• _Directions_
Give back one number only: how many lines in the material below contain "define".

• _Input_

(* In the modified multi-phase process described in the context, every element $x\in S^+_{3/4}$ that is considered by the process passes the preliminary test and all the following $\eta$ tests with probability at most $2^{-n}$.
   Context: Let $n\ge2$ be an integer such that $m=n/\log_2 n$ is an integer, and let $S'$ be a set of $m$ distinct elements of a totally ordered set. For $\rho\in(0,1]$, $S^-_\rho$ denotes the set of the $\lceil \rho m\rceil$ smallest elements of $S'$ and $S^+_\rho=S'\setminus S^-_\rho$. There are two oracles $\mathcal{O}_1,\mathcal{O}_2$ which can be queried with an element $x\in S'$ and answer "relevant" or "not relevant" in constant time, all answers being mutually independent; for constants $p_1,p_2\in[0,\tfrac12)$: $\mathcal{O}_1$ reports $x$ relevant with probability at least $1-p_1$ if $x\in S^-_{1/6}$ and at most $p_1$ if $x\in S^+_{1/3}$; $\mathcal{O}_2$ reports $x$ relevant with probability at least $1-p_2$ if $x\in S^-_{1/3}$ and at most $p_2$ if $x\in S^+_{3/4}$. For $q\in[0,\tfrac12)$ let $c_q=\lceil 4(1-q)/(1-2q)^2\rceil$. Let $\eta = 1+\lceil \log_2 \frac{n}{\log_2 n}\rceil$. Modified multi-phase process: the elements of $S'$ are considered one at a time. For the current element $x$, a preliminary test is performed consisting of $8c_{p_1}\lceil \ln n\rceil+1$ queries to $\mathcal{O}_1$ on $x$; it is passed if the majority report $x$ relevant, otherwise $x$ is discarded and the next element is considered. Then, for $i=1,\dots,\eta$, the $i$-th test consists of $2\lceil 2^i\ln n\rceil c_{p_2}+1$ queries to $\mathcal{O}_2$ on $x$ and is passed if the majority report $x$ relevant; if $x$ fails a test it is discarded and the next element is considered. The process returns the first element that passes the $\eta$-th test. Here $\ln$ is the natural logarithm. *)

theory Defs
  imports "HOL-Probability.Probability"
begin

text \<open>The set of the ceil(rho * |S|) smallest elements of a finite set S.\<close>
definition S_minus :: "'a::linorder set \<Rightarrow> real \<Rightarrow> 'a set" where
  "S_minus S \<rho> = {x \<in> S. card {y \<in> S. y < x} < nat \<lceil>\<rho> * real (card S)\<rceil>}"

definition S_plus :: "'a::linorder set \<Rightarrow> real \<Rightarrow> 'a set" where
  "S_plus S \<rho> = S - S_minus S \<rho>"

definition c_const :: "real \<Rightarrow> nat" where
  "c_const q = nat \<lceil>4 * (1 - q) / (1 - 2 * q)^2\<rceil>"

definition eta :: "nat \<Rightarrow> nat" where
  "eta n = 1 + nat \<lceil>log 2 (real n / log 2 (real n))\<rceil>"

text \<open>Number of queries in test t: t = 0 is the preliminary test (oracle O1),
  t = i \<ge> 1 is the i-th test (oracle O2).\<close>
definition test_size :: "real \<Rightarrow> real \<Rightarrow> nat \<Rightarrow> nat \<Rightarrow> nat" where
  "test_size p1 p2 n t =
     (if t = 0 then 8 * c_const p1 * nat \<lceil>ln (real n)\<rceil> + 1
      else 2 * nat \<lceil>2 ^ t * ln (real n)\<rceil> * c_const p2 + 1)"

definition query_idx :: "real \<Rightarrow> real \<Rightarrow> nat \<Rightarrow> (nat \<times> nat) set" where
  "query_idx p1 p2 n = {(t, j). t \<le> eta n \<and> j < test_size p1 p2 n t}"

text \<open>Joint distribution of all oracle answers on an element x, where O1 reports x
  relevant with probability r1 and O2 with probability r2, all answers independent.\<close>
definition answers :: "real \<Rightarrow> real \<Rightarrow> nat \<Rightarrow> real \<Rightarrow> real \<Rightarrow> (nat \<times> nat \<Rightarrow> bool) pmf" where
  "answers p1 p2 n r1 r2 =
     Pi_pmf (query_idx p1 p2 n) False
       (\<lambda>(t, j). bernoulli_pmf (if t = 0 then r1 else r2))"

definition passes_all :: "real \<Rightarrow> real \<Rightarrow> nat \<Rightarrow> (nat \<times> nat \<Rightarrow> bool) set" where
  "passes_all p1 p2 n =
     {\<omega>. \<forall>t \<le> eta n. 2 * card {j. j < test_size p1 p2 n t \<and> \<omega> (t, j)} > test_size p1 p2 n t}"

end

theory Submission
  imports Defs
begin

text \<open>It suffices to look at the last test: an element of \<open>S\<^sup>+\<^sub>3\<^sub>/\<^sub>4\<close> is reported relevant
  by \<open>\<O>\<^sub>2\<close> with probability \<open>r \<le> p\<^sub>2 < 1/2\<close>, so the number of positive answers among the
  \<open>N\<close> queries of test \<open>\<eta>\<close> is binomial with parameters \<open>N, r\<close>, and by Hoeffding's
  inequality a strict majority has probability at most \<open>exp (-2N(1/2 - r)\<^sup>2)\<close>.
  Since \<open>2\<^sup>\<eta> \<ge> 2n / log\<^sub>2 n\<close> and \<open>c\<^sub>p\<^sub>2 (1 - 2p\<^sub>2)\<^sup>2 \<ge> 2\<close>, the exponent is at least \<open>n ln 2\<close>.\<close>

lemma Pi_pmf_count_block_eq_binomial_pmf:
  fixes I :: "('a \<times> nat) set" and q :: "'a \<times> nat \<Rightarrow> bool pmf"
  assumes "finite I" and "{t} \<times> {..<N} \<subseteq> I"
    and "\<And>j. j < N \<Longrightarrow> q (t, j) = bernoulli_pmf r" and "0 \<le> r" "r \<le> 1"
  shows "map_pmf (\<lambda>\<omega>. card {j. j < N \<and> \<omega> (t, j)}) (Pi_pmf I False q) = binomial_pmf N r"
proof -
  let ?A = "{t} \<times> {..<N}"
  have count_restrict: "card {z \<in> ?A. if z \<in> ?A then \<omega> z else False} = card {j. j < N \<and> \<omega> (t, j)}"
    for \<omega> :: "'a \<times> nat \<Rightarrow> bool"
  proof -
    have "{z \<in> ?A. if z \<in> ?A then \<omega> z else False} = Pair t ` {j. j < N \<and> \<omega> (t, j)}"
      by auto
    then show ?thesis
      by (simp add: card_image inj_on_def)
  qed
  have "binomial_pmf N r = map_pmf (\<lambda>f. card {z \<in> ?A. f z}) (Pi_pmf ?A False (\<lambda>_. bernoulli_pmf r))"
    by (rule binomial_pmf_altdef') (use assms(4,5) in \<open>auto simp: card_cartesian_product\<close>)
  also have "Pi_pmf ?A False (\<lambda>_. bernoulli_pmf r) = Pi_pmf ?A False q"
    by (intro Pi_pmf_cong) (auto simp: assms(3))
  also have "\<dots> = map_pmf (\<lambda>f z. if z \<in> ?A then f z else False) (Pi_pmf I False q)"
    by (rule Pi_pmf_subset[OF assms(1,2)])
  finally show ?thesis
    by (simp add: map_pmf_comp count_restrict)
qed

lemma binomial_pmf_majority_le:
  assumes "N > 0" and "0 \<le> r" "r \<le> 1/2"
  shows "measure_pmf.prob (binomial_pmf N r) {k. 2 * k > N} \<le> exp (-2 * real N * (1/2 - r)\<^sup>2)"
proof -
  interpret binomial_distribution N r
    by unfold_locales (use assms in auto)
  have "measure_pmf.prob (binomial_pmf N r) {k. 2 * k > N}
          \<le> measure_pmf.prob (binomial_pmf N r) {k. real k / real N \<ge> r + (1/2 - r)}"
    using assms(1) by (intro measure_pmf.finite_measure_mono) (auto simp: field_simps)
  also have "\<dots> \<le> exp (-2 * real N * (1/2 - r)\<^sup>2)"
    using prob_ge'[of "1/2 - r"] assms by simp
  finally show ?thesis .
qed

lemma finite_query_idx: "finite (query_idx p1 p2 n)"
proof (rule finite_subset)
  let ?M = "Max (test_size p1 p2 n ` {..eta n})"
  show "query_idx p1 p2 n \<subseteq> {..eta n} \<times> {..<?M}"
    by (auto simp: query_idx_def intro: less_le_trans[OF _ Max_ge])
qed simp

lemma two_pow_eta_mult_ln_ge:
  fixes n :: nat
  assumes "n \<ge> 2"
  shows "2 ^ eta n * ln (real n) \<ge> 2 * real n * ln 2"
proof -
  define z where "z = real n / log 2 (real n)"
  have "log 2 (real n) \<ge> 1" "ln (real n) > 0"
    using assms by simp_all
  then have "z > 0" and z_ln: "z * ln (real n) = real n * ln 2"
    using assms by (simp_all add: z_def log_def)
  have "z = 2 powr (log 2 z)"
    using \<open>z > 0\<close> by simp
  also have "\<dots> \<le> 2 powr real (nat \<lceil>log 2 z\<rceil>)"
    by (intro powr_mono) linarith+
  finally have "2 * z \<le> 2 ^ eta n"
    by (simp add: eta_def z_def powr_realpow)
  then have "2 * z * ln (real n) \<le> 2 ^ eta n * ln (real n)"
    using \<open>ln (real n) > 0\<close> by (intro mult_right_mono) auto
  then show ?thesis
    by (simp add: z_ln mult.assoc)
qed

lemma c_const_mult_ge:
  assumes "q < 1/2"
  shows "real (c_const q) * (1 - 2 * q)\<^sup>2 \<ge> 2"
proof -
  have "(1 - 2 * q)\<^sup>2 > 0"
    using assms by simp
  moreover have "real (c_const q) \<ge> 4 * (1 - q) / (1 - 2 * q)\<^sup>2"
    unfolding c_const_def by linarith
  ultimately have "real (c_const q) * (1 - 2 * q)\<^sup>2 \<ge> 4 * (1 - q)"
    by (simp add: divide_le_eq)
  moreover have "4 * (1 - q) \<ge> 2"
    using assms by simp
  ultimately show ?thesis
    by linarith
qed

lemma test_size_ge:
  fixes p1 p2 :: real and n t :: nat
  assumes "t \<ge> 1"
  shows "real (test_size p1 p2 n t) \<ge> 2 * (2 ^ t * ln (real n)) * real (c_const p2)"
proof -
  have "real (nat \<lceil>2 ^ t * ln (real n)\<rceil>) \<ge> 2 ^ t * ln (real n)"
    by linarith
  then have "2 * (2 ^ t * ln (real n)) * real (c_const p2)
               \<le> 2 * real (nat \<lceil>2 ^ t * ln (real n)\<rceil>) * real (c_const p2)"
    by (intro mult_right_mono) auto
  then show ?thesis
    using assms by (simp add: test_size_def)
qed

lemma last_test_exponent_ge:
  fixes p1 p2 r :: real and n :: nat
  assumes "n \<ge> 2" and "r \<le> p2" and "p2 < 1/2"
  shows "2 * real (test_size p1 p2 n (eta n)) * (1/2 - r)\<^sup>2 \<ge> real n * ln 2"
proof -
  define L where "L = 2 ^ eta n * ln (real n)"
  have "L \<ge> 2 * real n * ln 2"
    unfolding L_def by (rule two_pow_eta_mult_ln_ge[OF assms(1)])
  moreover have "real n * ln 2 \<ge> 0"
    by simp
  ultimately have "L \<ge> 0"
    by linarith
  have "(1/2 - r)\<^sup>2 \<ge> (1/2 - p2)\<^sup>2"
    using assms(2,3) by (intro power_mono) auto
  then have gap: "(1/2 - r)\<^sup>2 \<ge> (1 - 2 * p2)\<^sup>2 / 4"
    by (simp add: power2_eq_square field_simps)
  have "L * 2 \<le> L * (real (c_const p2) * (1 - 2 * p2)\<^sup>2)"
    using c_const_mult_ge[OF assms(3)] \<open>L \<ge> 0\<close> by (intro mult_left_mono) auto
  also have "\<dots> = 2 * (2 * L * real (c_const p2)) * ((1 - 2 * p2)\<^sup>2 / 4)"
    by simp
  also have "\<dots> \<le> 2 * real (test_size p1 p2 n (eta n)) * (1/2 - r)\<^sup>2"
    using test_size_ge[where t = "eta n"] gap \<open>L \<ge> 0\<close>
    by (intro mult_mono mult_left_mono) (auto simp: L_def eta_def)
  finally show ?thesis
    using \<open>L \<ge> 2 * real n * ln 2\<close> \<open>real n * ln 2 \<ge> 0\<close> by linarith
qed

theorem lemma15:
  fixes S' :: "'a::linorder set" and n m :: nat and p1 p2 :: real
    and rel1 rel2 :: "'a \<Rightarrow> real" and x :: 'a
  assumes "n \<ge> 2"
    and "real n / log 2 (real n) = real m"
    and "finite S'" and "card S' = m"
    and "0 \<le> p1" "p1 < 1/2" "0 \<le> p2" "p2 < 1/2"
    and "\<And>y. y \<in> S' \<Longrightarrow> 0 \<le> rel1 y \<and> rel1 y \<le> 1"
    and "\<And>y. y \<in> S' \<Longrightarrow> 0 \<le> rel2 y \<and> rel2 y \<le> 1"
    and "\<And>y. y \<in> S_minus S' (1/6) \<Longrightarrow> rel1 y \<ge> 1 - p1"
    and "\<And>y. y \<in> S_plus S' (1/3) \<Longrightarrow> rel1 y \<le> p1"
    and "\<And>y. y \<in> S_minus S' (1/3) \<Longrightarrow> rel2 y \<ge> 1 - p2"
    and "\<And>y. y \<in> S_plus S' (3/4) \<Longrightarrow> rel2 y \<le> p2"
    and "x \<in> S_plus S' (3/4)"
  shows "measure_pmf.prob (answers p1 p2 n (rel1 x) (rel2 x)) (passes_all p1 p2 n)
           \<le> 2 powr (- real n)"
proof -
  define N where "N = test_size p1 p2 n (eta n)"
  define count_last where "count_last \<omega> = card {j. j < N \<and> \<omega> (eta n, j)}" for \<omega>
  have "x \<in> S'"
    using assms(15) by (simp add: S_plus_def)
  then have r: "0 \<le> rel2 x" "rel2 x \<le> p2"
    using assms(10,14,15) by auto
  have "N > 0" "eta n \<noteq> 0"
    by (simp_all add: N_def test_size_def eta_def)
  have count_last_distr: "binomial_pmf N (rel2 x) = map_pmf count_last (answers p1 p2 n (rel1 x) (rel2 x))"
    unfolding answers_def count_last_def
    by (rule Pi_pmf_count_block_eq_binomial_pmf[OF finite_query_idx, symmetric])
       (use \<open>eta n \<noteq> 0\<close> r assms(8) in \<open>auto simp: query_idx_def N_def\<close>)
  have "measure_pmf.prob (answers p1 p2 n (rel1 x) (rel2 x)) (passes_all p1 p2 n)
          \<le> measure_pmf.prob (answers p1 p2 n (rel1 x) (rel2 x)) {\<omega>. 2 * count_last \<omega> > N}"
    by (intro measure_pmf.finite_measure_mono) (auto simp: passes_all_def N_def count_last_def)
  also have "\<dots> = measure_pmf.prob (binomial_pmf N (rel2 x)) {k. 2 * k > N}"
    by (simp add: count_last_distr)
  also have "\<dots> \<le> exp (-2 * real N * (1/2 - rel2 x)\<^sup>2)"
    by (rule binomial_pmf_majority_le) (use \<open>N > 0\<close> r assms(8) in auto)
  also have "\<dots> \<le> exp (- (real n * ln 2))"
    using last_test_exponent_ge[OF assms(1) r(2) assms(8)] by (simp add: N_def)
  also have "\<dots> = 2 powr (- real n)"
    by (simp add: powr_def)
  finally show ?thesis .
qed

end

• _Response_
4